Start of INFORMATION
lemma real_hom_factors_if_trivial_qm:
  assumes altA: "alternating (G\<lparr>carrier := A\<rparr>) fA" and altB: "alternating (G\<lparr>carrier := B\<rparr>) fB"
    and "A \<noteq> {\<one>}" "B \<noteq> {\<one>}" and "trivial_qm G (split_qm G A B fA fB)"
  shows "real_hom (G\<lparr>carrier := A\<rparr>) fA \<and> real_hom (G\<lparr>carrier := B\<rparr>) fB"
proof -
  interpret BA: free_product G B A by (rule swap)
  obtain \<phi> \<beta> C where hom: "real_hom G \<phi>" and bounded: "\<forall>g\<in>carrier G. \<bar>\<beta> g\<bar> \<le> C"
    and decomp: "\<forall>g\<in>carrier G. split_qm G A B fA fB g = \<phi> g + \<beta> g"
    using assms(5) unfolding trivial_qm_def by blast
  have close: "\<forall>g\<in>carrier G. \<bar>split_qm G A B fA fB g - \<phi> g\<bar> \<le> C"
    using bounded decomp by simp
  then have close_BA: "\<forall>g\<in>carrier G. \<bar>split_qm G B A fB fA g - \<phi> g\<bar> \<le> C"
    using split_qm_swap by simp
  show ?thesis
    using real_hom_subgroup_if_eq[OF subgroup_A hom] real_hom_subgroup_if_eq[OF subgroup_B hom]
      factor_A_eq_if_close_to_real_hom[OF hom close altA altB assms(4)]
      BA.factor_A_eq_if_close_to_real_hom[OF hom close_BA altB altA assms(3)]
    by blast
qed

end

theorem corollary3p4:
  fixes G :: "('g, 'b) monoid_scheme" and A B :: "'g set" and fA fB :: "'g \<Rightarrow> real"
  assumes "is_free_product G A B"
    and "A \<noteq> {\<one>\<^bsub>G\<^esub>}" and "B \<noteq> {\<one>\<^bsub>G\<^esub>}"
    and "quasimorphism (G\<lparr>carrier := A\<rparr>) fA" and "alternating (G\<lparr>carrier := A\<rparr>) fA"
    and "quasimorphism (G\<lparr>carrier := B\<rparr>) fB" and "alternating (G\<lparr>carrier := B\<rparr>) fB"
  shows "(trivial_qm G (split_qm G A B fA fB) \<longleftrightarrow> real_hom G (split_qm G A B fA fB))
       \<and> (real_hom G (split_qm G A B fA fB) \<longleftrightarrow> homogeneous G (split_qm G A B fA fB))
       \<and> (homogeneous G (split_qm G A B fA fB) \<longleftrightarrow>
            (real_hom (G\<lparr>carrier := A\<rparr>) fA \<and> real_hom (G\<lparr>carrier := B\<rparr>) fB))"
proof -
  interpret free_product G A B
    using assms(1) by (simp add: is_free_product_iff_free_product)
  let ?f = "split_qm G A B fA fB"
  let ?factors_hom = "real_hom (G\<lparr>carrier := A\<rparr>) fA \<and> real_hom (G\<lparr>carrier := B\<rparr>) fB"
  have "trivial_qm G ?f \<Longrightarrow> ?factors_hom"
    using real_hom_factors_if_trivial_qm[OF assms(5,7,2,3)] .
  moreover have "?factors_hom \<Longrightarrow> real_hom G ?f"
    using real_hom_split_qm by blast
  moreover have "real_hom G ?f \<Longrightarrow> trivial_qm G ?f"
    by (rule real_hom_imp_trivial_qm)
  moreover have "real_hom G ?f \<Longrightarrow> homogeneous G ?f"
    by (rule real_hom_imp_homogeneous)
  moreover have "homogeneous G ?f \<Longrightarrow> ?factors_hom"
    using real_hom_factors_if_homogeneous[OF assms(5,7,2,3)] .
  ultimately show ?thesis by blast
qed
lemma berkA1_le_coeff_sum:
  assumes "nonarch_abs absv" "s \<in> berkA1 absv" "degree p \<le> D"
  shows "s p \<le> (\<Sum>i\<le>D. absv (coeff p i)) * max 1 (s [:0, 1:]) ^ D"
proof -
  let ?m = "max 1 (s [:0, 1:])"
  have "s p \<le> (\<Sum>i\<le>D. s (monom (coeff p i) i))"
    using berkA1_sum_le[OF assms(1,2)] by (subst poly_as_sum_of_monoms'[OF assms(3), symmetric])
  also have "\<dots> \<le> (\<Sum>i\<le>D. absv (coeff p i) * ?m ^ D)"
  proof (rule sum_mono)
    fix i assume "i \<in> {..D}"
    have "s [:0, 1:] ^ i \<le> ?m ^ i" by (rule power_mono) (simp_all add: berkA1D(1)[OF assms(2)])
    also have "\<dots> \<le> ?m ^ D" using \<open>i \<in> {..D}\<close> by (intro power_increasing) simp_all
    finally have "s [:0, 1:] ^ i \<le> ?m ^ D" .
    then show "s (monom (coeff p i) i) \<le> absv (coeff p i) * ?m ^ D"
      by (simp add: berkA1_monom[OF assms(1,2)] mult_left_mono nonarch_absD(1)[OF assms(1)])
  qed
  finally show ?thesis by (simp add: sum_distrib_right)
qed

lemma berkA1_lead_term_le:
  assumes "nonarch_abs absv" "s \<in> berkA1 absv" "degree f = n" "n \<ge> 1"
  shows "absv (lead_coeff f) * s [:0, 1:] ^ n
    \<le> s f + (\<Sum>i\<le>n - 1. absv (coeff f i)) * max 1 (s [:0, 1:]) ^ (n - 1)"
proof -
  define g where "g = f - monom (lead_coeff f) n"
  have coeff_g: "coeff g i = (if i = n then 0 else coeff f i)" for i
    using assms(3) by (simp add: g_def coeff_monom)
  have "degree g \<le> n - 1"
  proof (rule degree_le, intro allI impI)
    fix i assume "n - 1 < i"
    then show "coeff g i = 0" using coeff_g assms(3) by (cases "i = n") (auto intro: coeff_eq_0)
  qed
  moreover have "(\<Sum>i\<le>n - 1. absv (coeff g i)) = (\<Sum>i\<le>n - 1. absv (coeff f i))"
    using coeff_g assms(4) by (intro sum.cong) auto
  ultimately have g_le: "s g \<le> (\<Sum>i\<le>n - 1. absv (coeff f i)) * max 1 (s [:0, 1:]) ^ (n - 1)"
    using berkA1_le_coeff_sum[OF assms(1,2)] by metis
  have "s (monom (lead_coeff f) n) \<le> s f + s (- g)"
    using berkA1D(2)[OF assms(2), of f "- g"] by (simp add: g_def)
  then show ?thesis
    using g_le by (simp add: berkA1_uminus[OF assms(1,2)] berkA1_monom[OF assms(1,2)])
qed

lemma berkA1_growth_upper:
  assumes "nonarch_abs absv" "degree p \<le> D"
  shows "\<exists>A>0. \<forall>s\<in>berkA1 absv. s p \<le> A * max 1 (s [:0, 1:]) ^ D"
proof (intro exI conjI ballI)
  let ?S = "\<Sum>i\<le>D. absv (coeff p i)"
  show "?S + 1 > 0" by (simp add: add_nonneg_pos nonarch_absD(1)[OF assms(1)] sum_nonneg)
  fix s assume s: "s \<in> berkA1 absv"
  have "s p \<le> ?S * max 1 (s [:0, 1:]) ^ D" by (rule berkA1_le_coeff_sum[OF assms(1) s assms(2)])
  also have "\<dots> \<le> (?S + 1) * max 1 (s [:0, 1:]) ^ D" by (intro mult_right_mono) simp_all
  finally show "s p \<le> (?S + 1) * max 1 (s [:0, 1:]) ^ D" .
qed

lemma berkA1_growth_lower:
  assumes "nonarch_abs absv" "f \<noteq> 0"
  shows "\<exists>B>0. \<forall>s\<in>berkA1 absv. B * max 1 (s [:0, 1:]) ^ degree f \<le> max 1 (s f)"
proof (cases "degree f = 0")
  case True
  then show ?thesis by (intro exI[of _ 1]) simp
next
  case False
  define n where "n = degree f"
  define a where "a = absv (lead_coeff f)"
  define S where "S = (\<Sum>i\<le>n - 1. absv (coeff f i))"
  define R where "R = max 1 (2 * S / a)"
  define B where "B = min (a / 2) (1 / R ^ n)"
  have n: "n \<ge> 1" using False by (simp add: n_def)
  have a: "a > 0" using assms nonarch_absD[OF assms(1)] by (simp add: a_def order_le_neq_trans)
  have R: "R \<ge> 1" by (simp add: R_def)
  show ?thesis
  proof (intro exI conjI ballI)
    show "B > 0" using a R by (simp add: B_def)
    fix s assume s: "s \<in> berkA1 absv"
    let ?t = "s [:0, 1:]" and ?m = "max 1 (s [:0, 1:])"
    have t: "?t \<ge> 0" by (rule berkA1D(1)[OF s])
    \<comment> \<open>Beyond R the leading monomial dominates the other terms; below R the bound 1 suffices.\<close>
    show "B * ?m ^ degree f \<le> max 1 (s f)"
    proof (cases "?t \<ge> R")
      case True
      then have m: "?m = ?t" using R by simp
      have "S \<le> a * ?t / 2" using True a by (simp add: R_def field_simps)
      then have "S * ?t ^ (n - 1) \<le> a * ?t / 2 * ?t ^ (n - 1)"
        using t by (intro mult_right_mono) simp_all
      also have "\<dots> = a * ?t ^ n / 2" using n by (simp add: power_eq_if)
      finally have "a / 2 * ?t ^ n \<le> s f"
        using berkA1_lead_term_le[OF assms(1) s n_def[symmetric] n] m by (simp add: a_def S_def)
      moreover have "B * ?t ^ n \<le> a / 2 * ?t ^ n"
        using t by (intro mult_right_mono) (simp_all add: B_def)
      ultimately have "B * ?t ^ n \<le> s f" by linarith
      then show ?thesis using m by (simp add: n_def le_max_iff_disj)
    next
      case False
      then have "?m ^ n \<le> R ^ n" using R by (intro power_mono) simp_all
      moreover have "B \<le> 1 / R ^ n" by (simp add: B_def)
      ultimately have "B * ?m ^ n \<le> 1 / R ^ n * R ^ n" using a R by (intro mult_mono) simp_all
      then show ?thesis using R by (simp add: n_def)
    qed
  qed
qed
End of INFORMATION
_THE PROBLEM_: Please output exactly the lines between the one holding "bound 1 suffices.\<close>" and the one holding "(n - 1) \<le> a" in the records above, inclusive, and nothing more.

_RESPONSE AREA_:
    \<comment> \<open>Beyond R the leading monomial dominates the other terms; below R the bound 1 suffices.\<close>
    show "B * ?m ^ degree f \<le> max 1 (s f)"
    proof (cases "?t \<ge> R")
      case True
      then have m: "?m = ?t" using R by simp
      have "S \<le> a * ?t / 2" using True a by (simp add: R_def field_simps)
      then have "S * ?t ^ (n - 1) \<le> a * ?t / 2 * ?t ^ (n - 1)"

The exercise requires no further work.